Bulk RNASeq data matrix. Should be log(1 + tpm/fpkm/rpkm). Each row is a gene which must be ordered the same as the scRNASeq data. Each column is a cell type which must be ordered as the cell type label in celltype. Default: NULL

celltype

A numeric vector for labels of cells in the scRNASeq. Each cell type has corresponding mean expression in the bulk RNASeq data. The labels must start from 1 to the number of types. If NULL, all cells are treated as a single cell type and the input bulk RNASeq should also have one column that is the mean expression over all the cell types. Default: NULL

b

The scaling factor between scRNASeq and bulk RNASeq. If NULL, will do a weighted linear regression between mean of scRNASeq and bulk RNASeq for each cell type. Default = 1. Only relevant for SIMPLE-B.

K0

a vector for number of latent gene modules to be selected. Default is 10. Note that the minimum K0 is 2.

M0

a vector for Number of clusters to be selected. Default is 1. If 1 is not in the sequence of M0, it will add 1 to the sequence; and the imputed matrix when M=1 is used to initialize imputation for other Ms.

iter

The number of EM iterations using full data set. See details.

est_lam

The iteration starts to estimate lambda.

impt_it

The iteration starts to sample new imputed values in initial phase. See details.

penl

L1 penalty for the factor loadings.

sigma0

The variance of the prior distribution of μ.

pi_alpha

The hyperparameter of the prior distribution of π. See details.

beta

A G by K0 matrix. Initial values for factor loadings (B). If null, beta will be initialized from normal distribution with mean zero and variance M0/K0. See details.

verbose

Whether to show some intermediate results. Default = False.

max_lambda

Whether to maximize over lambda. Default is True.

lambda

A M0 by K0 matrix. Initial values for the variances of factors. Each column is for a cell cluster. If null, lambda will initialize to be 1/M0. See details.

sigma

A G by M0 matrix. Initial values for the variance of idiosyncratic noises. Each column is for a cell cluster. If null, sigma will initialize to be 1. See details.

mu

A G by M0 matrix. Initial values for the gene expression mean of each cluster. Each column is for a cell cluster. If NULL, it will take the sample mean of cells weighted by the probability in each cluster. See details.

est_z

The iteration starts to update Z.

clus

Initial clustering of scRNASeq data. If NULL, the function will use PCA and Kmeans to do clustering initially.

p_min

Initialize parameters using genes expressed in at least p_min proportion of cells. If the number genes selected is less than min_gene, select min_gene genes with higest proportion of non zeros. Default = 0.4.

cutoff

The value below cutoff is treated as no expression. Default = 0.1.

K

The number of PCs used in the initial clustering. Default is 20.

min_gene

Minimal number of genes used in the initial phase. See details.

num_mc

The number of Gibbs steps for generating new imputed data after the parameters have been updated during Monte Carlo EM. Default = 3.

fix_num

If true, always use min_gene number of genes with the highest proportion of non zeros in the initial phase. Default = F. See details.

mcmc

The number of Gibbs steps to sample imputed data after EM. Default = 50.

burnin

The number of burnin steps before sample imputed data after EM. Default = 2.

rel

when increasing K, the algorithm will stop when the relative decrease of BIC is less than rel; but it will enumerate all given Ms. Default: 0.01.

Value

selectKM returns a matrix of BIC for all Ks and Ms tests, mK, the best K; mM, the best M; result, list for the result with smallest BIC in the following order.

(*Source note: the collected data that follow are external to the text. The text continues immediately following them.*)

(* There is a constant $c>0$ such that for all $n$, any family of pairwise disjoint $[1,n]$-rectangles whose union is $\mathcal{L}_n$ has at least $2^{cn}$ members.
   Context: $X=\{x_1,\dots,x_n\}$, $Y=\{y_1,\dots,y_n\}$, $Z=X\cup Y$. $\mathcal{L}_n=\{U\subseteq Z : \exists i\in[n],\ x_i\in U,\ y_i\in U\}$. A $[1,n]$-rectangle is a family $S\times T=\{U\cup V: U\in S, V\in T\}$ with $S\subseteq\mathcal{P}(X)$ and $T\subseteq\mathcal{P}(Y)$. *)

theory Defs
  imports Complex_Main
begin

text \<open>Ground set Z = X \<union> Y, with x_i encoded as Inl i and y_i as Inr i, i \<in> {1..n}.\<close>

definition Xs :: "nat \<Rightarrow> (nat + nat) set" where
  "Xs n = Inl ` {1..n}"

definition Ys :: "nat \<Rightarrow> (nat + nat) set" where
  "Ys n = Inr ` {1..n}"

definition Zs :: "nat \<Rightarrow> (nat + nat) set" where
  "Zs n = Xs n \<union> Ys n"

definition Lfam :: "nat \<Rightarrow> (nat + nat) set set" where
  "Lfam n = {U. U \<subseteq> Zs n \<and> (\<exists>i\<in>{1..n}. Inl i \<in> U \<and> Inr i \<in> U)}"

definition rect_prod :: "'a set set \<Rightarrow> 'a set set \<Rightarrow> 'a set set" where
  "rect_prod S T = {U \<union> V | U V. U \<in> S \<and> V \<in> T}"

definition is_rect :: "nat \<Rightarrow> (nat + nat) set set \<Rightarrow> bool" where
  "is_rect n R \<longleftrightarrow> (\<exists>S T. S \<subseteq> Pow (Xs n) \<and> T \<subseteq> Pow (Ys n) \<and> R = rect_prod S T)"

end

theory Submission
  imports Defs "HOL-Library.Function_Algebras" "HOL-Library.Indicator_Function"
begin

text \<open>Consider the disjointness matrix \<open>D(A, B) = [A \<inter> B = {}]\<close> indexed by subsets
  \<open>A, B \<subseteq> [n]\<close>. Evaluated at the complement \<open>[n] - A\<close>, row \<open>A'\<close> is \<open>[A' \<subseteq> A]\<close>, so
  \<open>D\<close> is unitriangular with respect to inclusion and has rank \<open>2^n\<close>. Identifying
  \<open>A \<union> B\<close> with the pair \<open>(x_A, y_B)\<close>, the set \<open>L\<^sub>n\<close> is the support of \<open>J - D\<close>, so a partition
  of \<open>L\<^sub>n\<close> into \<open>k\<close> rectangles \<open>S \<times> T\<close> writes \<open>J - D\<close> as a sum of \<open>k\<close> rank-one matrices
  \<open>1\<^sub>S 1\<^sub>T\<^sup>T\<close>. Hence \<open>2^n \<le> k + 1\<close>, and \<open>c = 1/2\<close> works for \<open>n \<ge> 2\<close>.\<close>

interpretation real_fun: vector_space "\<lambda>(c::real) (f::'a \<Rightarrow> real) x. c * f x"
  by unfold_locales (auto simp: plus_fun_def algebra_simps)

lemma sum_fun_apply: "(\<Sum>i\<in>I. g i) x = (\<Sum>i\<in>I. (g i x :: 'b::comm_monoid_add))"
  by (induction I rule: infinite_finite_induct) (auto simp: plus_fun_def zero_fun_def)

text \<open>Rows are extended by zero outside \<open>Pow I\<close>, so that they live in the vector space of
  all real functions on sets.\<close>

definition disj_row :: "'a set \<Rightarrow> 'a set \<Rightarrow> 'a set \<Rightarrow> real" where
  "disj_row I A B = of_bool (B \<subseteq> I \<and> A \<inter> B = {})"

lemma disj_row_Diff:
  assumes "A \<subseteq> I" and "A' \<subseteq> I"
  shows "disj_row I A' (I - A) = of_bool (A' \<subseteq> A)"
  using assms unfolding disj_row_def by auto

lemma inj_on_disj_row: "inj_on (disj_row I) (Pow I)"
proof (rule inj_onI)
  fix A A' assume "A \<in> Pow I" "A' \<in> Pow I" and "disj_row I A = disj_row I A'"
  then have "of_bool (A \<subseteq> A) = (of_bool (A' \<subseteq> A) :: real)"
    and "of_bool (A' \<subseteq> A') = (of_bool (A \<subseteq> A') :: real)"
    by (metis PowD disj_row_Diff)+
  then show "A = A'" by auto
qed

lemma disj_row_coeffs_eq_0:
  assumes "finite I" and "A \<subseteq> I"
    and combination_0: "\<And>B. (\<Sum>A\<in>Pow I. u A * disj_row I A B) = 0"
  shows "u A = 0"
  using \<open>A \<subseteq> I\<close>
proof (induction "card A" arbitrary: A rule: less_induct)
  case less
  have "finite A" using less.prems \<open>finite I\<close> finite_subset by blast
  have "0 = (\<Sum>A'\<in>Pow I. u A' * disj_row I A' (I - A))" using combination_0 by simp
  also have "\<dots> = (\<Sum>A'\<in>Pow A. u A')"
    using less.prems \<open>finite I\<close>
    by (simp add: disj_row_Diff of_bool_def if_distrib sum.If_cases) (auto intro: sum.cong)
  also have "\<dots> = u A + (\<Sum>A'\<in>Pow A - {A}. u A')"
    using \<open>finite A\<close> by (subst sum.remove[of _ A]) auto
  also have "(\<Sum>A'\<in>Pow A - {A}. u A') = 0"
  proof (rule sum.neutral, rule ballI)
    fix A' assume "A' \<in> Pow A - {A}"
    then have "A' \<subset> A" by auto
    then show "u A' = 0"
      using less psubset_card_mono[OF \<open>finite A\<close>] by (meson order.trans psubset_imp_subset)
  qed
  finally show ?case by simp
qed

lemma independent_disj_rows:
  assumes "finite I"
  shows "real_fun.independent (disj_row I ` Pow I)"
proof (rule real_fun.independent_if_scalars_zero)
  show "finite (disj_row I ` Pow I)" using assms by simp
  fix u f assume combination_0: "(\<Sum>f\<in>disj_row I ` Pow I. (\<lambda>B. u f * f B)) = 0"
    and "f \<in> disj_row I ` Pow I"
  then obtain A where "A \<subseteq> I" "f = disj_row I A" by auto
  have "(\<Sum>A\<in>Pow I. u (disj_row I A) * disj_row I A B) = 0" for B
    using fun_cong[OF combination_0, of B]
    by (simp add: sum_fun_apply sum.reindex[OF inj_on_disj_row])
  from disj_row_coeffs_eq_0[OF assms \<open>A \<subseteq> I\<close> this] show "u f = 0"
    using \<open>f = disj_row I A\<close> by simp
qed

lemma Inl_Inr_Un_mem_rect_prod_iff:
  assumes "S \<subseteq> Pow (range Inl)" and "T \<subseteq> Pow (range Inr)"
  shows "Inl ` A \<union> Inr ` B \<in> rect_prod S T \<longleftrightarrow> Inl ` A \<in> S \<and> Inr ` B \<in> T"
proof
  assume "Inl ` A \<union> Inr ` B \<in> rect_prod S T"
  then obtain U V where UV: "Inl ` A \<union> Inr ` B = U \<union> V" "U \<in> S" "V \<in> T"
    unfolding rect_prod_def by auto
  with assms have "U = Inl ` A" "V = Inr ` B" by blast+
  with UV show "Inl ` A \<in> S \<and> Inr ` B \<in> T" by simp
qed (auto simp: rect_prod_def)

lemma Inl_Inr_Un_mem_Lfam_iff:
  assumes "A \<subseteq> {1..n}" and "B \<subseteq> {1..n}"
  shows "Inl ` A \<union> Inr ` B \<in> Lfam n \<longleftrightarrow> A \<inter> B \<noteq> {}"
  using assms unfolding Lfam_def Zs_def Xs_def Ys_def by auto

lemma disj_row_eq_diff_sum_rects:
  fixes F :: "(nat + nat) set set set"
  assumes "finite F" and "pairwise disjnt F" and "\<Union>F = Lfam n"
    and rects: "\<And>R. R \<in> F \<Longrightarrow>
                  S R \<subseteq> Pow (Xs n) \<and> T R \<subseteq> Pow (Ys n) \<and> R = rect_prod (S R) (T R)"
    and "A \<subseteq> {1..n}"
  shows "disj_row {1..n} A = (\<lambda>B. of_bool (B \<subseteq> {1..n}))
           - (\<Sum>R\<in>F. (\<lambda>B. of_bool (Inl ` A \<in> S R) * of_bool (B \<subseteq> {1..n} \<and> Inr ` B \<in> T R)))"
proof
  fix B
  show "disj_row {1..n} A B = ((\<lambda>B. of_bool (B \<subseteq> {1..n}))
           - (\<Sum>R\<in>F. (\<lambda>B. of_bool (Inl ` A \<in> S R) * of_bool (B \<subseteq> {1..n} \<and> Inr ` B \<in> T R)))) B"
  proof (cases "B \<subseteq> {1..n}")
    case True
    have "disjoint_family_on id F"
      using \<open>pairwise disjnt F\<close> by (auto simp: disjoint_family_on_def pairwise_def disjnt_def)
    have "(of_bool (A \<inter> B \<noteq> {}) :: real) = indicator (Lfam n) (Inl ` A \<union> Inr ` B)"
      by (simp only: indicator_def Inl_Inr_Un_mem_Lfam_iff[OF \<open>A \<subseteq> {1..n}\<close> True])
    also have "\<dots> = (\<Sum>R\<in>F. indicator R (Inl ` A \<union> Inr ` B))"
      using indicator_UN_disjoint[OF \<open>finite F\<close> \<open>disjoint_family_on id F\<close>] \<open>\<Union>F = Lfam n\<close> by simp
    also have "\<dots> = (\<Sum>R\<in>F. of_bool (Inl ` A \<in> S R) * of_bool (Inr ` B \<in> T R))"
    proof (rule sum.cong)
      fix R assume "R \<in> F"
      then have "S R \<subseteq> Pow (range Inl)" "T R \<subseteq> Pow (range Inr)"
        using rects unfolding Xs_def Ys_def by blast+
      then have "Inl ` A \<union> Inr ` B \<in> R \<longleftrightarrow> Inl ` A \<in> S R \<and> Inr ` B \<in> T R"
        using rects[OF \<open>R \<in> F\<close>] Inl_Inr_Un_mem_rect_prod_iff by metis
      then show "indicator R (Inl ` A \<union> Inr ` B)
                   = of_bool (Inl ` A \<in> S R) * (of_bool (Inr ` B \<in> T R) :: real)"
        by simp
    qed simp
    finally have "(\<Sum>R\<in>F. of_bool (Inl ` A \<in> S R) * of_bool (Inr ` B \<in> T R))
                    = (of_bool (A \<inter> B \<noteq> {}) :: real)"
      by (rule sym)
    with True show ?thesis
      by (simp add: disj_row_def sum_fun_apply)
  qed (simp add: disj_row_def sum_fun_apply)
qed

lemma finite_Lfam: "finite (Lfam n)"
  unfolding Lfam_def Zs_def Xs_def Ys_def by simp

lemma card_rect_partition_Lfam:
  fixes F :: "(nat + nat) set set set"
  assumes "\<forall>R\<in>F. is_rect n R" and "pairwise disjnt F" and "\<Union>F = Lfam n"
  shows "2 ^ n \<le> card F + 1"
proof -
  obtain S T where rects: "\<And>R. R \<in> F \<Longrightarrow>
      S R \<subseteq> Pow (Xs n) \<and> T R \<subseteq> Pow (Ys n) \<and> R = rect_prod (S R) (T R)"
    using assms(1) unfolding is_rect_def by metis
  have "finite F"
    using \<open>\<Union>F = Lfam n\<close> finite_Lfam by (metis finite_UnionD)
  define col where "col R B = (of_bool (B \<subseteq> {1..n} \<and> Inr ` B \<in> T R) :: real)" for R B
  define G where "G = insert (\<lambda>B. of_bool (B \<subseteq> {1..n})) (col ` F)"
  have rows_in_span: "disj_row {1..n} ` Pow {1..n} \<subseteq> real_fun.span G"
  proof clarify
    fix A assume "A \<subseteq> {1..n}"
    have "(\<lambda>B. of_bool (B \<subseteq> {1..n})) \<in> real_fun.span G"
      by (rule real_fun.span_base) (simp add: G_def)
    moreover have "(\<Sum>R\<in>F. (\<lambda>B. of_bool (Inl ` A \<in> S R) * col R B)) \<in> real_fun.span G"
      by (intro real_fun.span_sum real_fun.span_scale real_fun.span_base) (simp add: G_def)
    ultimately have "(\<lambda>B. of_bool (B \<subseteq> {1..n})) - (\<Sum>R\<in>F. (\<lambda>B. of_bool (Inl ` A \<in> S R) * col R B))
                 \<in> real_fun.span G"
      by (rule real_fun.span_diff)
    then show "disj_row {1..n} A \<in> real_fun.span G"
      using disj_row_eq_diff_sum_rects[OF \<open>finite F\<close> assms(2,3) rects \<open>A \<subseteq> {1..n}\<close>]
      by (simp add: col_def)
  qed
  have "card (disj_row {1..n} ` Pow {1..n}) \<le> card G"
    using real_fun.independent_span_bound[OF _ independent_disj_rows rows_in_span] \<open>finite F\<close>
    by (simp add: G_def)
  also have "\<dots> \<le> card F + 1"
    using card_insert_le_m1[of _ "col ` F"] card_image_le[OF \<open>finite F\<close>, of col]
    by (simp add: G_def)
  finally show ?thesis
    by (simp add: card_image[OF inj_on_disj_row] card_Pow)
qed

theorem mainTheorem10:
  shows "\<exists>c::real. c > 0 \<and> (\<exists>N::nat. \<forall>n\<ge>N. \<forall>F :: (nat + nat) set set set.
           (\<forall>R\<in>F. is_rect n R) \<and> pairwise disjnt F \<and> \<Union>F = Lfam n
           \<longrightarrow> 2 powr (c * real n) \<le> real (card F))"
proof (intro exI[of _ "1/2"] conjI exI[of _ 2] allI impI)
  fix n :: nat and F :: "(nat + nat) set set set"
  assume "2 \<le> n" and "(\<forall>R\<in>F. is_rect n R) \<and> pairwise disjnt F \<and> \<Union>F = Lfam n"
  then have "2 ^ n \<le> card F + 1"
    using card_rect_partition_Lfam by blast
  have "2 powr (1/2 * real n) \<le> 2 powr (real n - 1)"
    using \<open>2 \<le> n\<close> by (intro powr_mono) auto
  also have "\<dots> = 2 ^ n / 2"
    by (simp add: powr_diff powr_realpow)
  also have "\<dots> \<le> 2 ^ n - 1"
    using \<open>2 \<le> n\<close> power_increasing[of 1 n "2::real"] by simp
  also have "\<dots> \<le> real (card F)"
    using of_nat_mono[OF \<open>2 ^ n \<le> card F + 1\<close>, where 'a=real] by simp
  finally show "2 powr (1/2 * real n) \<le> real (card F)" .
qed simp

end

  1. loglik The log-likelihood of each MCMC sample of imputed gene expressionafter EM. NULL if mcmc <= 0

  2. loglik_tot The log-likelihood of the full imputed gene expression at each iteration and the prior of B matrix.

  3. BIC BIC which is -2 *loglik_tot + penalty on the number of parameters. Can be used to select paramters.

  4. pi The prior probabilites of cells belong to each cluster.

  5. mu Mean expression for each gene in each cluster

  6. sigma Variances of idiosyncratic noises for each gene in each cluster.

  7. beta Factor loadings.

  8. lambda Variances of factors for each cluster.

  9. z The posterior probability of each cell belonging to each cluster.

  10. Yimp0 A matrix contains the expectation of gene expression specified by the model.

  11. pg A G by M0 matrix, dropout rate for each gene in each cluster estimated from initial clustering.

  12. initclus Output initial cluster results.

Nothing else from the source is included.